- Stored data:
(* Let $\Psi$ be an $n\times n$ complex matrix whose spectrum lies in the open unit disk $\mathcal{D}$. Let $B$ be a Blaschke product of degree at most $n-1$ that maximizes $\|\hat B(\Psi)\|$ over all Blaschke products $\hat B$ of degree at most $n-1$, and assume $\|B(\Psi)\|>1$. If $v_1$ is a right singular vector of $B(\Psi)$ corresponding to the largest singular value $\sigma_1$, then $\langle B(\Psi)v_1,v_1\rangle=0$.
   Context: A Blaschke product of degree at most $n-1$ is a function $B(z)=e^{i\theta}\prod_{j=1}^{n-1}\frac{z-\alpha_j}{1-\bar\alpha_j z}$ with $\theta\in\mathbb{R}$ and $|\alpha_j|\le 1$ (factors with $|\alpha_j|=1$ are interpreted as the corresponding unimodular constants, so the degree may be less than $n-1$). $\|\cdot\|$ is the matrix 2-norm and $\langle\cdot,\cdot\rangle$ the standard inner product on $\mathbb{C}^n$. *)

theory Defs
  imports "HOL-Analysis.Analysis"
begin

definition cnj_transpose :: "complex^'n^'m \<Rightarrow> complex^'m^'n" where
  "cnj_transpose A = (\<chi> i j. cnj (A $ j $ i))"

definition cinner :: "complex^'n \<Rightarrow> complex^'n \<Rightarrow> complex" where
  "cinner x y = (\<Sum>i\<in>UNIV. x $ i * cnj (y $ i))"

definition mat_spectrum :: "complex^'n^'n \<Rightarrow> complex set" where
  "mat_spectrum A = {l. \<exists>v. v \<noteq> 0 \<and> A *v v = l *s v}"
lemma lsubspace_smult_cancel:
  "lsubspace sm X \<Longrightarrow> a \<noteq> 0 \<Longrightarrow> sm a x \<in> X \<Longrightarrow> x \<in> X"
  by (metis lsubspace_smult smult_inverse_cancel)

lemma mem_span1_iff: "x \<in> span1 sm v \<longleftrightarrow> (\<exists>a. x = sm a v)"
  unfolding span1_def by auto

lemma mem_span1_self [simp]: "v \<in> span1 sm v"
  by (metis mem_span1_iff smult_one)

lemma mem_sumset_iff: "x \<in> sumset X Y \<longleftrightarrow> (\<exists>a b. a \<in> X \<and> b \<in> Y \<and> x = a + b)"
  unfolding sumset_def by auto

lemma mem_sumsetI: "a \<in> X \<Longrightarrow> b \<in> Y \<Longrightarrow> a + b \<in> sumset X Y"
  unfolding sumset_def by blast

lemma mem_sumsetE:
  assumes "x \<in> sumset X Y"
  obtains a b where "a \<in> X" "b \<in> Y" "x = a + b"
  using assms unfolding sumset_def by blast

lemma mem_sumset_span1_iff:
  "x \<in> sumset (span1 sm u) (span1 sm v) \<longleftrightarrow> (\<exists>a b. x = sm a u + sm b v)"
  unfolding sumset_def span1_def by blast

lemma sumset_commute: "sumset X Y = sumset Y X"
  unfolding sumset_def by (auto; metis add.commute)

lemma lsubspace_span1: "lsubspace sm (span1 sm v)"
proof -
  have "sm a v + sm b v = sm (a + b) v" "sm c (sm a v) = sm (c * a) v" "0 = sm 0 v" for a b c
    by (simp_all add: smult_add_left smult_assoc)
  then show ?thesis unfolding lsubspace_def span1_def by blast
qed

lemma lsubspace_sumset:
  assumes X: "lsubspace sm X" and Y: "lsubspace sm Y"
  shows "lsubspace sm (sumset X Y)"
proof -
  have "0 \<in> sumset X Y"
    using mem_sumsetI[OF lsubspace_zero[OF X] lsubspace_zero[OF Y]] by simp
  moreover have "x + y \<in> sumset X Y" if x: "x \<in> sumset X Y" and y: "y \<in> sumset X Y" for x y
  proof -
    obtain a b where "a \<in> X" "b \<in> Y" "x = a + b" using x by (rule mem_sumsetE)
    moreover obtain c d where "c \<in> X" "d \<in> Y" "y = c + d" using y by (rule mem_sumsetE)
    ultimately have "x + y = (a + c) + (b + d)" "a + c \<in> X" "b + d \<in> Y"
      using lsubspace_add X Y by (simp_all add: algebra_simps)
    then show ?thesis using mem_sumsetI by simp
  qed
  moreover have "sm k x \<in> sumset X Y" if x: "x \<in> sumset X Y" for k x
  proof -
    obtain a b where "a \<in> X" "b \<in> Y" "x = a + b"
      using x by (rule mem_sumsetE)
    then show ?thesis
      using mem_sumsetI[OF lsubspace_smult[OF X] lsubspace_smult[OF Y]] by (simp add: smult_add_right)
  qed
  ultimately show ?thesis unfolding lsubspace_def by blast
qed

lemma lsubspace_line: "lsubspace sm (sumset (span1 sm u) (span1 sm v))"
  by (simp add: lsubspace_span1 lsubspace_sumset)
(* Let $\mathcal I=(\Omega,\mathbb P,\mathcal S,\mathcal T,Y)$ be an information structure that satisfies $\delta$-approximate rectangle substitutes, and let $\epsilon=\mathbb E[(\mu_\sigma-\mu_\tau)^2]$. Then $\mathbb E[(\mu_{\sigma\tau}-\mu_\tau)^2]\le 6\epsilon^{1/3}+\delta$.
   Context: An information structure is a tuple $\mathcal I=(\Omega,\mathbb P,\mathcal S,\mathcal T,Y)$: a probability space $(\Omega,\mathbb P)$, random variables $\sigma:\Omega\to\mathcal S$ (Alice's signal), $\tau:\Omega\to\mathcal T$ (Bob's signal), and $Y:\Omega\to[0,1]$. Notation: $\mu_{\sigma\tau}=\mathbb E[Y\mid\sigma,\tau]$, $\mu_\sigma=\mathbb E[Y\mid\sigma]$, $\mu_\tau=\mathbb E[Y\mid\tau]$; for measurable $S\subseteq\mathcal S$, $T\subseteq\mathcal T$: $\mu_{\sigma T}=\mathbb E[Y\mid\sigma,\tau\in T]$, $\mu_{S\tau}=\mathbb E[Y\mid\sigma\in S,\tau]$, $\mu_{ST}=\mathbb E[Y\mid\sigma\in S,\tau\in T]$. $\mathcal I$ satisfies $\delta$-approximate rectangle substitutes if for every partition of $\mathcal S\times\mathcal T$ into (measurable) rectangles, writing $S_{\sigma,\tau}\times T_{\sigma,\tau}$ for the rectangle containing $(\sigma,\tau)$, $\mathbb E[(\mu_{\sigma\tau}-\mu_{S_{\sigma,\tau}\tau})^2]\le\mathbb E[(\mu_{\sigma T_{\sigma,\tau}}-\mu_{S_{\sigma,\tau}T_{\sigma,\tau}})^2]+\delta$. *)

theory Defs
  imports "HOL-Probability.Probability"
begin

- WHAT YOU WILL DO: For the string "Longrightarrow", work out how many lines of the data contain it; answer with the number alone.

- RESULT OF THE TASK: 2